Sharing The Room; Sharing The Teaching; Sharing The Learning

This year, I’ve really learned what it’s like to share a classroom, having sometimes one and sometimes two educational assistants as well as a couple of student teachers. Over the year, I’ve had many visiting teachers, visiting educational assistants, and regular visits from the principal and vice principal. I sometimes feel as though I always have eyes watching me, and this is something that’s taken me time to adjust to. Recently though, I’ve adjusted my perspective: I’m trying to see the “shared classroom” as ways for me to learn more.

First, there are the interactions with various educational assistants. While I plan for the students that they work with — writing a task analysis for each activity — I also email the plans to them and discuss my ideas with them. Then we make changes. We adjust the plans. We tweak the instructions. Sometimes we add more and sometimes we add less. Sharing ideas allows us to provide better, modified programming for these students that need it.

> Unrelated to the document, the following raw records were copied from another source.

lemma asymp_dominated_pair_iff:
  assumes "prob_space \<nu>1" "prob_space \<nu>2" "prob_space \<rho>1" "prob_space \<rho>2"
    and "sets \<nu>1 = sets \<nu>2" "sets \<rho>1 = sets \<rho>2"
    and "T \<in> measurable \<nu>2 \<nu>2" "S \<in> measurable \<rho>2 \<rho>2"
  shows "asymp_dominated (map_prod T S) (\<nu>1 \<Otimes>\<^sub>M \<rho>1) (\<nu>2 \<Otimes>\<^sub>M \<rho>2) \<longleftrightarrow>
    asymp_dominated T \<nu>1 \<nu>2 \<and> asymp_dominated S \<rho>1 \<rho>2"
  using assms asymp_dominated_pair asymp_dominated_fst_of_pair asymp_dominated_snd_of_pair by metis

theorem lemma20:
  fixes \<mu>1 \<mu>2 :: "'a measure" and \<eta>1 \<eta>2 :: "'b measure"
  assumes "prob_space \<mu>1" "prob_space \<mu>2" "sets \<mu>1 = sets \<mu>2"
    and "prob_space \<eta>1" "prob_space \<eta>2" "sets \<eta>1 = sets \<eta>2"
  shows "(absolutely_continuous (\<mu>2 \<Otimes>\<^sub>M \<eta>2) (\<mu>1 \<Otimes>\<^sub>M \<eta>1) \<longleftrightarrow>
            absolutely_continuous \<mu>2 \<mu>1 \<and> absolutely_continuous \<eta>2 \<eta>1)
       \<and> (\<forall>(A :: 'c measure) (B :: 'd measure)
            (\<nu>1 :: (nat \<Rightarrow> 'c) measure) \<nu>2 (\<rho>1 :: (nat \<Rightarrow> 'd) measure) \<rho>2.
            prob_space \<nu>1 \<and> prob_space \<nu>2 \<and> prob_space \<rho>1 \<and> prob_space \<rho>2 \<and>
            sets \<nu>1 = sets (PiM UNIV (\<lambda>_. A)) \<and> sets \<nu>2 = sets (PiM UNIV (\<lambda>_. A)) \<and>
            sets \<rho>1 = sets (PiM UNIV (\<lambda>_. B)) \<and> sets \<rho>2 = sets (PiM UNIV (\<lambda>_. B)) \<and>
            stationary shift \<nu>2 \<and> stationary shift \<rho>2 \<longrightarrow>
            (asymp_dominated (map_prod shift shift) (\<nu>1 \<Otimes>\<^sub>M \<rho>1) (\<nu>2 \<Otimes>\<^sub>M \<rho>2) \<longleftrightarrow>
             asymp_dominated shift \<nu>1 \<nu>2 \<and> asymp_dominated shift \<rho>1 \<rho>2))"
proof (intro conjI allI impI)
  show "absolutely_continuous (\<mu>2 \<Otimes>\<^sub>M \<eta>2) (\<mu>1 \<Otimes>\<^sub>M \<eta>1) \<longleftrightarrow>
      absolutely_continuous \<mu>2 \<mu>1 \<and> absolutely_continuous \<eta>2 \<eta>1"
    using assms by (rule absolutely_continuous_pair_iff)
next
  fix A :: "'c measure" and B :: "'d measure"
    and \<nu>1 \<nu>2 :: "(nat \<Rightarrow> 'c) measure" and \<rho>1 \<rho>2 :: "(nat \<Rightarrow> 'd) measure"
  assume "prob_space \<nu>1 \<and> prob_space \<nu>2 \<and> prob_space \<rho>1 \<and> prob_space \<rho>2 \<and>
    sets \<nu>1 = sets (PiM UNIV (\<lambda>_. A)) \<and> sets \<nu>2 = sets (PiM UNIV (\<lambda>_. A)) \<and>
    sets \<rho>1 = sets (PiM UNIV (\<lambda>_. B)) \<and> sets \<rho>2 = sets (PiM UNIV (\<lambda>_. B)) \<and>
    stationary shift \<nu>2 \<and> stationary shift \<rho>2"
  then show "asymp_dominated (map_prod shift shift) (\<nu>1 \<Otimes>\<^sub>M \<rho>1) (\<nu>2 \<Otimes>\<^sub>M \<rho>2) \<longleftrightarrow>
      asymp_dominated shift \<nu>1 \<nu>2 \<and> asymp_dominated shift \<rho>1 \<rho>2"
    by (intro asymp_dominated_pair_iff) (simp_all cong: measurable_cong_sets add: measurable_shift)
qed

end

Then there are the interactions with different student teachers. Together we’re both able to collect assessment data, and then exchange thoughts and determine next steps. In the case today, when we spoke today about our Social Studies Election Speeches, we realized that some students are ready for peer feedback, and others need a guided group: to either further dissect the issues or assist with expanding ideas in their writing. We created a couple of different guided groups based on needs, and tomorrow, we’ll be ready to move forward with the students. Talking during our prep time today, I was able to reflect more on the election assignment itself. While the students are engaged by the activity, and it’s a meaningful one that connects with numerous Social Studies expectations, both Ashley (my student teacher) and I believe that we now have the assessment data we need when it comes to the speeches. Is it worth having days of presentations to present a “finished product,” but not provide us with any more meaningful assessment and evaluation data to determine next steps? Probably not! So we made a change in plans: we looked at how to have a class Debate/Challenge Game to focus on the issues, hear what all students know, and then move forward with the voting based on the ideas shared. The plan’s modified, but we can use this to find out more about student thinking and to help us as we move forward with solving government issues in the Bunch of Bills activity. If I didn’t have a student teacher, I may not have spent so long discussing assessment data, and making changes based on this data.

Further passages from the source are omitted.